$$\large \hat y = X\,\hat\beta \tag 1$$
seems to be (?) the most commonly encountered expression of the ordinary least square projection. The actual values of the "dependent" variable differ from the estimated $\hat y$ values, so that...
$$\large y = X\,\hat\beta + \varepsilon$$
This is the expression that appears in Wikipedia. In it $X$ is the model matrix, which typically would correspond to a $m\times n$ matrix of $m$ observations or subjects, and $n$ variables. $\hat \beta$ is an $n \times 1$ vector of coefficients; and $\ y$ and $\hat y$, the observed values (or predicted values, respectively) of the "dependent" variable, forming an $m \times 1$ vector. $\varepsilon$ is the error.
However, in the book The Elements of Statistical Learning (Second Edition) by T. Hastie, R. Tibshirani and J. Friedman, on page 11, this is expressed as:
$$\large \hat Y = X^T \,\hat\beta \tag 2$$
where $X^T$ denotes vector or matrix transpose ($X$ being a column vector).
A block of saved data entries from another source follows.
lemma max_excess_nonneg: "0 \<le> max_excess A"
proof -
  obtain s where "s \<in> S" "excess A s = max_excess A" using max_excess_attained by blast
  moreover have "s \<in> Q" using \<open>s \<in> S\<close> S_subset_Q by blast
  ultimately show ?thesis using excess_nonneg by metis
qed

lemma excess_modular: "excess (A \<union> B) x + excess (A \<inter> B) x = excess A x + excess B x"
  unfolding excess_def vimage_Un vimage_Int by (rule sum.union_inter) simp_all

lemma excess_empty: "excess {} x = 0"
  unfolding excess_def by simp

lemma max_excess_empty: "max_excess {} = 0"
  unfolding max_excess_def excess_empty using S_nonempty by (simp add: image_constant_conv)

lemma excess_restrict_range: "excess (A \<inter> range \<pi>) = excess A"
proof -
  have "\<pi> -` (A \<inter> range \<pi>) = \<pi> -` A" by blast
  then show ?thesis unfolding excess_def by simp
qed

lemma max_excess_restrict_range: "max_excess (A \<inter> range \<pi>) = max_excess A"
  unfolding max_excess_def excess_restrict_range ..

lemma max_excess_mono: "A \<subseteq> B \<Longrightarrow> max_excess A \<le> max_excess B"
proof -
  assume "A \<subseteq> B"
  obtain s where "s \<in> S" "excess A s = max_excess A" using max_excess_attained by blast
  then have "max_excess A \<le> excess B s"
    using excess_mono[OF \<open>A \<subseteq> B\<close>] S_subset_Q by fastforce
  also have "\<dots> \<le> max_excess B" using excess_le_max_excess \<open>s \<in> S\<close> S_subset_Q by blast
  finally show ?thesis .
qed

lemma excess_common_minimizer:
  assumes "common_minimizer Q (polystellahedral_gens \<pi> Fs I) y" "F \<in> set Fs"
  shows "excess (UNIV - F) y = max_excess (UNIV - F)"
proof (rule antisym)
  have "y \<in> Q" using assms(1) unfolding common_minimizer_def by blast
  then show "excess (UNIV - F) y \<le> max_excess (UNIV - F)" by (rule excess_le_max_excess)
  have "- ind_vec (UNIV - \<pi> -` F) \<in> polystellahedral_gens \<pi> Fs I"
    using assms(2) unfolding polystellahedral_gens_def by blast
  then have "- ind_vec (UNIV - \<pi> -` F) \<bullet> y \<le> - ind_vec (UNIV - \<pi> -` F) \<bullet> z" if "z \<in> Q" for z
    using assms(1) that unfolding common_minimizer_def by blast
  moreover have "UNIV - \<pi> -` F = \<pi> -` (UNIV - F)" by blast
  ultimately have "ind_vec (\<pi> -` (UNIV - F)) \<bullet> z \<le> ind_vec (\<pi> -` (UNIV - F)) \<bullet> y" if "z \<in> Q" for z
    using that by simp
  then have "excess (UNIV - F) z \<le> excess (UNIV - F) y" if "z \<in> Q" for z
    using that unfolding excess_eq_inner by simp
  then show "max_excess (UNIV - F) \<le> excess (UNIV - F) y"
    using max_excess_attained S_subset_Q by (metis subsetD)
qed

lemma max_excess_submodular:
  "max_excess (A \<union> B) + max_excess (A \<inter> B) \<le> max_excess A + max_excess B"
proof -
  define U where "U = (A \<union> B) \<inter> range \<pi>"
  define W where "W = (A \<inter> B) \<inter> range \<pi>"
  \<comment> \<open>The flag \<open>UNIV - U \<subset> UNIV - W\<close> yields a point maximizing both excesses at once.\<close>
  have "\<exists>y\<in>Q. excess U y = max_excess U \<and> excess W y = max_excess W"
  proof (cases "W = U \<or> W = {}")
    case True
    obtain s where "s \<in> S" "excess U s = max_excess U" using max_excess_attained by blast
    moreover have "excess W s = max_excess W"
      using True \<open>excess U s = max_excess U\<close> excess_empty max_excess_empty by auto
    ultimately show ?thesis using S_subset_Q by blast
  next
    case False
    then have "W \<subset> U" "W \<noteq> {}" unfolding U_def W_def by auto
    then have "polystellahedral_index \<pi> [UNIV - U, UNIV - W] {}"
      unfolding polystellahedral_index_def proper_chain_def first_flat_def U_def by auto
    then obtain y where y: "common_minimizer Q (polystellahedral_gens \<pi> [UNIV - U, UNIV - W] {}) y"
      using common_minimizers by blast
    then have "y \<in> Q" unfolding common_minimizer_def by blast
    moreover have "excess U y = max_excess U" "excess W y = max_excess W"
      using excess_common_minimizer[OF y, of "UNIV - U"] excess_common_minimizer[OF y, of "UNIV - W"]
      by (simp_all add: Diff_Diff_Int)
    ultimately show ?thesis by blast
  qed
  then obtain y where "y \<in> Q" "excess U y = max_excess U" "excess W y = max_excess W" by blast
  then have "max_excess (A \<union> B) + max_excess (A \<inter> B) = excess A y + excess B y"
    using excess_modular[of A B y] max_excess_restrict_range excess_restrict_range
    unfolding U_def W_def by metis
  also have "\<dots> \<le> max_excess A + max_excess B"
    using \<open>y \<in> Q\<close> by (intro add_mono excess_le_max_excess)
  finally show ?thesis .
qed

definition excess_rank :: "'m set \<Rightarrow> nat" where
  "excess_rank A = nat \<lfloor>max_excess A\<rfloor>"

lemma real_excess_rank: "real (excess_rank A) = max_excess A"
proof -
  obtain k where "max_excess A = of_int k" using max_excess_integral by (auto elim: Ints_cases)
  then show ?thesis unfolding excess_rank_def using max_excess_nonneg[of A] by simp
qed

lemma polymatroid_excess_rank: "polymatroid excess_rank"
  unfolding polymatroid_def
proof (intro conjI allI impI)
  show "excess_rank {} = 0" using real_excess_rank[of "{}"] max_excess_empty by simp
  show "excess_rank A \<le> excess_rank B" if "A \<subseteq> B" for A B
    using max_excess_mono[OF that] by (simp flip: real_excess_rank)
  show "excess_rank (A \<union> B) + excess_rank (A \<inter> B) \<le> excess_rank A + excess_rank B" for A B
    using max_excess_submodular[of A B] by (simp flip: real_excess_rank)
qed

lemma common_minimizer_le_translate:
  assumes "common_minimizer Q (polystellahedral_gens \<pi> Fs I) y" "g \<in> polystellahedral_gens \<pi> Fs I"
    and "z \<in> independence_polytope (expansion \<pi> excess_rank)"
  shows "g \<bullet> y \<le> g \<bullet> (base_point + z)"
  using assms(2) unfolding polystellahedral_gens_def
proof (elim UnE imageE)
  fix F assume F: "F \<in> set Fs" "g = - ind_vec (UNIV - \<pi> -` F)"
  have "(\<Sum>j\<in>\<pi> -` (UNIV - F). z $ j) \<le> excess (UNIV - F) y"
    using independence_polytope_expansion_sum_le[OF polymatroid_excess_rank assms(3)]
    by (simp add: real_excess_rank excess_common_minimizer[OF assms(1) F(1)])
  moreover have "UNIV - \<pi> -` F = \<pi> -` (UNIV - F)" by blast
  ultimately show ?thesis
    unfolding F(2) excess_def by (simp add: inner_ind_vec sum.distrib sum_subtractf)
next
  fix j assume "j \<in> I" "g = axis j 1"
  moreover have "axis j 1 \<bullet> y \<le> axis j 1 \<bullet> base_point"
    using assms(1) base_point(1) \<open>j \<in> I\<close>
    unfolding common_minimizer_def polystellahedral_gens_def by blast
  moreover have "0 \<le> z $ j" using assms(3) unfolding independence_polytope_def by blast
  ultimately show ?thesis by (simp add: inner_axis')
qed

lemma eq_translated_independence_polytope:
  "Q = (+) base_point ` independence_polytope (expansion \<pi> excess_rank)"
proof (intro equalityI subsetI)
  fix x assume "x \<in> Q"
  have "x - base_point \<in> independence_polytope (expansion \<pi> excess_rank)"
    unfolding independence_polytope_def expansion_def
  proof (intro CollectI conjI allI)
    show "0 \<le> (x - base_point) $ j" for j using base_point(2)[OF \<open>x \<in> Q\<close>] by simp
    fix X :: "'n set"
    have "(\<Sum>j\<in>X. (x - base_point) $ j) \<le> excess (\<pi> ` X) x"
      unfolding excess_def vector_minus_component
      using base_point(2)[OF \<open>x \<in> Q\<close>] by (intro sum_mono2) auto
    also have "\<dots> \<le> real (excess_rank (\<pi> ` X))"
      unfolding real_excess_rank using \<open>x \<in> Q\<close> by (rule excess_le_max_excess)
    finally show "(\<Sum>j\<in>X. (x - base_point) $ j) \<le> real (excess_rank (\<pi> ` X))" .
  qed
  then show "x \<in> (+) base_point ` independence_polytope (expansion \<pi> excess_rank)"
    by (rule image_eqI[rotated]) simp
next
  fix x assume "x \<in> (+) base_point ` independence_polytope (expansion \<pi> excess_rank)"
  then obtain z where x: "x = base_point + z" and z: "z \<in> independence_polytope (expansion \<pi> excess_rank)"
    by blast
  show "x \<in> Q"
  proof (rule ccontr)
    assume "x \<notin> Q"
    have "closed Q" unfolding Q_hull using finite_S
      by (simp add: compact_imp_closed compact_convex_hull finite_imp_compact)
    then obtain a b where ab: "a \<bullet> x < b" "\<forall>y\<in>Q. b < a \<bullet> y"
      using separating_hyperplane_closed_point[OF _ _ \<open>x \<notin> Q\<close>] Q_hull by auto
    obtain Fs I where "polystellahedral_index \<pi> Fs I" and a: "a \<in> cone_gen (polystellahedral_gens \<pi> Fs I)"
      by (rule polystellahedral_fan_covers)
    then obtain y where y: "common_minimizer Q (polystellahedral_gens \<pi> Fs I) y"
      using common_minimizers by blast
    have "a \<bullet> y \<le> a \<bullet> x"
      unfolding x using a common_minimizer_le_translate[OF y _ z] by (rule cone_gen_inner_le)
    moreover have "y \<in> Q" using y unfolding common_minimizer_def by blast
    ultimately show False using ab by fastforce
  qed
qed

end

theorem proposition2p7:
  fixes \<pi> :: "'n::finite \<Rightarrow> 'm::finite"
    and Q :: "(real^'n) set"
  assumes "lattice_polytope Q"
  shows "is_deformation_of Q (polystellahedral_fan \<pi>) \<longleftrightarrow>
         (\<exists>rk t. polymatroid rk \<and>
             Q = (\<lambda>x. t + x) ` independence_polytope (expansion \<pi> rk))"
proof -
  obtain S where S: "finite S" "\<forall>x\<in>S. \<forall>i. x $ i \<in> \<int>" "Q = convex hull S"
    using assms unfolding lattice_polytope_def by blast
  then have "convex Q" by simp
  show ?thesis
  proof
    assume "is_deformation_of Q (polystellahedral_fan \<pi>)"
    then interpret polystellahedral_deformation \<pi> Q S
      using S is_deformation_of_polystellahedral_fan_iff[OF \<open>convex Q\<close>, of \<pi>]
      by unfold_locales auto
    show "\<exists>rk t. polymatroid rk \<and> Q = (\<lambda>x. t + x) ` independence_polytope (expansion \<pi> rk)"
      using polymatroid_excess_rank eq_translated_independence_polytope by blast
  next
    assume "\<exists>rk t. polymatroid rk \<and> Q = (\<lambda>x. t + x) ` independence_polytope (expansion \<pi> rk)"
    then obtain rk t where "polymatroid rk" "Q = (+) t ` independence_polytope (expansion \<pi> rk)"
      by blast
    then show "is_deformation_of Q (polystellahedral_fan \<pi>)"
      unfolding is_deformation_of_polystellahedral_fan_iff[OF \<open>convex Q\<close>]
      by (metis common_minimizer_translation independence_polytope_expansion_common_minimizer)
  qed
qed

end
lemma stay_prob_le_infsum_pn: "stay_prob E mu B n y \<le> infsum (p n y) B"
proof (induction n arbitrary: y)
  case 0
  show ?case
  proof (cases "y \<in> B")
    case True
    then have "infsum (p 0 y) B = infsum (p 0 y) {y}"
      by (intro infsum_cong_neutral) auto
    also have "\<dots> = 1" by simp
    finally show ?thesis using True by (simp del: pn.simps)
  next
    case False
    then have "infsum (p 0 y) B = 0"
      by (intro infsum_0) auto
    then show ?thesis using False by (simp del: pn.simps)
  qed
next
  case (Suc n)
  show ?case
  proof (cases "y \<in> B")
    case False
    then show ?thesis using pn_nonneg[of "Suc n" y] by (simp del: pn.simps add: infsum_nonneg)
  next
    case True
    then have "stay_prob E mu B (Suc n) y = infsum (\<lambda>z. P y z * stay_prob E mu B n z) UNIV"
      by simp
    also have "\<dots> \<le> infsum (\<lambda>z. P y z * infsum (p n z) B) UNIV"
      using Suc trans_prob_nonneg stay_prob_bounds pn_nonneg infsum_pn_le_1
      by (intro infsum_mono trans_prob_mult_summable) (auto intro: infsum_nonneg mult_left_mono)
    also have "\<dots> = infsum (\<lambda>w. infsum (\<lambda>z. P y z * p n z w) UNIV) B"
      by (rule sym, rule infsumI, rule has_sum_mixture(1)[where K=1])
         (use trans_prob_nonneg trans_prob_summable pn_nonneg pn_summable infsum_pn_le_1 in auto)
    also have "\<dots> = infsum (p (Suc n) y) B" by (rule infsum_cong) simp
    finally show ?thesis .
  qed
qed

lemma infsum_pn_compl_le_exit: "infsum (p n y) (- B) \<le> 1 - stay_prob E mu B n y"
proof -
  have "infsum (p n y) (B \<union> - B) = infsum (p n y) B + infsum (p n y) (- B)"
    by (rule infsum_Un_disjoint) (auto simp: pn_summable)
  moreover have "infsum (p n y) (B \<union> - B) = 1" using infsumI[OF pn_has_sum[of n y]] by simp
  ultimately show ?thesis using stay_prob_le_infsum_pn[of B n y] by linarith
qed

end

definition sub_gaussian :: "real \<Rightarrow> real \<Rightarrow> real \<Rightarrow> real" where
  "sub_gaussian \<beta> c t = exp (- ((t powr \<beta> / c) powr (1 / (\<beta> - 1))))"

lemma sub_gaussian_pos: "0 < sub_gaussian \<beta> c t"
  unfolding sub_gaussian_def by simp

lemma sub_gaussian_le_1: "sub_gaussian \<beta> c t \<le> 1"
  unfolding sub_gaussian_def by simp

lemma sub_gaussian_mono:
  assumes "\<beta> > 1" "0 < c" "c \<le> c'"
  shows "sub_gaussian \<beta> c t \<le> sub_gaussian \<beta> c' t"
proof -
  have "t powr \<beta> / c' \<le> t powr \<beta> / c"
    using assms by (intro divide_left_mono) auto
  then have "(t powr \<beta> / c') powr (1 / (\<beta> - 1)) \<le> (t powr \<beta> / c) powr (1 / (\<beta> - 1))"
    using assms by (intro powr_mono2) auto
  then show ?thesis unfolding sub_gaussian_def by simp
qed

lemma sub_gaussian_scale:
  assumes "0 < s" "0 \<le> t"
  shows "sub_gaussian \<beta> c (s * t) = sub_gaussian \<beta> (c / s powr \<beta>) t"
  using assms unfolding sub_gaussian_def by (simp add: powr_mult field_simps)

lemma sub_gaussian_eq_square:
  assumes "\<beta> > 1" "0 < c"
  shows "sub_gaussian \<beta> c t = sub_gaussian \<beta> (2 powr (\<beta> - 1) * c) t ^ 2"
proof -
  define y where "y = t powr \<beta> / c"
  have "y \<ge> 0" unfolding y_def using assms by simp
  have "(t powr \<beta> / (2 powr (\<beta> - 1) * c)) powr (1 / (\<beta> - 1)) =
        y powr (1 / (\<beta> - 1)) / (2 powr (\<beta> - 1)) powr (1 / (\<beta> - 1))"
    unfolding y_def using assms by (simp add: powr_divide powr_mult field_simps)
  also have "(2 powr (\<beta> - 1)) powr (1 / (\<beta> - 1)) = (2::real)"
    using assms by (simp add: powr_powr)
  finally show ?thesis
    unfolding sub_gaussian_def y_def[symmetric] by (simp add: power2_eq_square exp_add[symmetric])
qed

lemma sub_gaussian_ge_one_third:
  assumes "\<beta> > 1" "0 < c" "t powr \<beta> \<le> c"
  shows "1 / 3 \<le> sub_gaussian \<beta> c t"
proof -
  have "(t powr \<beta> / c) powr (1 / (\<beta> - 1)) \<le> 1"
    using assms powr_mono2[of "1 / (\<beta> - 1)" "t powr \<beta> / c" 1] by simp
  then have "exp (- 1) \<le> sub_gaussian \<beta> c t"
    unfolding sub_gaussian_def by simp
  moreover have "1 / 3 \<le> exp (- 1 :: real)"
    using exp_le by (simp add: exp_minus field_simps)
  ultimately show ?thesis
    by linarith
qed

lemma powr_mult_exp_powr_tendsto_0:
  fixes a g k :: real
  assumes "g > 0" "k > 0"
  shows "((\<lambda>t. (1 + t) powr a * exp (- (t powr g / k))) \<longlongrightarrow> 0) at_top"
  using assms by real_asymp

lemma powr_mult_sub_gaussian_tendsto_0:
  assumes "\<beta> > 1" "0 < c"
  shows "((\<lambda>t. (1 + t) powr a * sub_gaussian \<beta> c t) \<longlongrightarrow> 0) at_top"
proof -
  have "sub_gaussian \<beta> c t = exp (- (t powr (\<beta> / (\<beta> - 1)) / c powr (1 / (\<beta> - 1))))" for t
    unfolding sub_gaussian_def using assms by (simp add: powr_divide powr_powr)
  then show ?thesis
    using powr_mult_exp_powr_tendsto_0[of "\<beta> / (\<beta> - 1)" "c powr (1 / (\<beta> - 1))" a] assms
    by simp
qed

lemma powr_mult_sub_gaussian_eventually_le:
  assumes "\<beta> > 1" "0 < c" "0 < \<epsilon>"
  obtains K where "\<And>t. t \<ge> K \<Longrightarrow> (1 + t) powr a * sub_gaussian \<beta> c t \<le> \<epsilon>"
proof -
  have "eventually (\<lambda>t. (1 + t) powr a * sub_gaussian \<beta> c t < \<epsilon>) at_top"
    using order_tendstoD(2)[OF powr_mult_sub_gaussian_tendsto_0] assms by blast
  then show ?thesis
    using that unfolding eventually_at_top_linorder by (meson less_imp_le)
qed

lemma powr_mult_sub_gaussian_bounded:
  assumes "\<beta> > 1" "0 < c" "0 \<le> a"
  obtains L where "\<And>t. t \<ge> 0 \<Longrightarrow> (1 + t) powr a * sub_gaussian \<beta> c t \<le> L"
proof -
  obtain K where K: "\<And>t. t \<ge> K \<Longrightarrow> (1 + t) powr a * sub_gaussian \<beta> c t \<le> 1"
    using powr_mult_sub_gaussian_eventually_le[OF assms(1,2), of 1] by auto
  have "(1 + t) powr a * sub_gaussian \<beta> c t \<le> max 1 ((1 + \<bar>K\<bar>) powr a)" if "t \<ge> 0" for t
  proof (cases "t \<ge> K")
    case False
    then have "(1 + t) powr a \<le> (1 + \<bar>K\<bar>) powr a"
      using that assms by (intro powr_mono2) auto
    then have "(1 + t) powr a * sub_gaussian \<beta> c t \<le> (1 + \<bar>K\<bar>) powr a * 1"
      by (intro mult_mono sub_gaussian_le_1) (auto intro: less_imp_le sub_gaussian_pos)
    then show ?thesis by simp
  qed (use K in force)
  then show ?thesis using that by blast
qed

lemma powr_mult_sub_gaussian_le_sub_gaussian:
  assumes "\<beta> > 1" "0 < c" "0 \<le> t" "2 powr (\<beta> - 1) * c \<le> c'"
    and L: "(1 + t) powr a * sub_gaussian \<beta> (2 powr (\<beta> - 1) * c) t \<le> L"
  shows "(1 + t) powr a * sub_gaussian \<beta> c t \<le> L * sub_gaussian \<beta> c' t"
proof -
  define c2 where "c2 = 2 powr (\<beta> - 1) * c"
  have "0 \<le> L"
    using order_trans[OF mult_nonneg_nonneg[OF powr_ge_zero less_imp_le[OF sub_gaussian_pos]] L] .
  have "(1 + t) powr a * sub_gaussian \<beta> c t = ((1 + t) powr a * sub_gaussian \<beta> c2 t) * sub_gaussian \<beta> c2 t"
    unfolding c2_def using sub_gaussian_eq_square[OF assms(1,2), of t] by (simp add: power2_eq_square)
  also have "\<dots> \<le> L * sub_gaussian \<beta> c' t"
    using L \<open>0 \<le> L\<close> sub_gaussian_mono[of \<beta> c2 c' t] assms(1,2,4) unfolding c2_def
    by (intro mult_mono) (auto intro: less_imp_le[OF sub_gaussian_pos])
  finally show ?thesis .
qed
Here we are modeling a single output, so $\hat Y$ is a scalar; in general $\hat Y$ can be a $K$–vector, in which case $\beta$ would be a $p \times K$ matrix of coefficients. In the $(p + 1)$-dimensional input–output space, $(X,\hat Y)$ represents a hyperplane. If the constant is included in $X$, then the hyperplane includes the origin and is a subspace; if not, it is an affine set cutting the $Y$-axis at the point $(0,\hat\beta_0)$. From now on we assume that the intercept is included in $\hat\beta$.
$X^T$ seems most intuitive with one single vector, but it is not so straightforward when it is a model matrix. Also it seems as though the authors are including the possibility of multivariate regression.
In any event, the paragraph is far from clear to me, including the hat-less beta, and would like to ask for a "connecting" explanatory answer to clarify how both expression $(1)$ and $(2)$ are equivalent (if they are).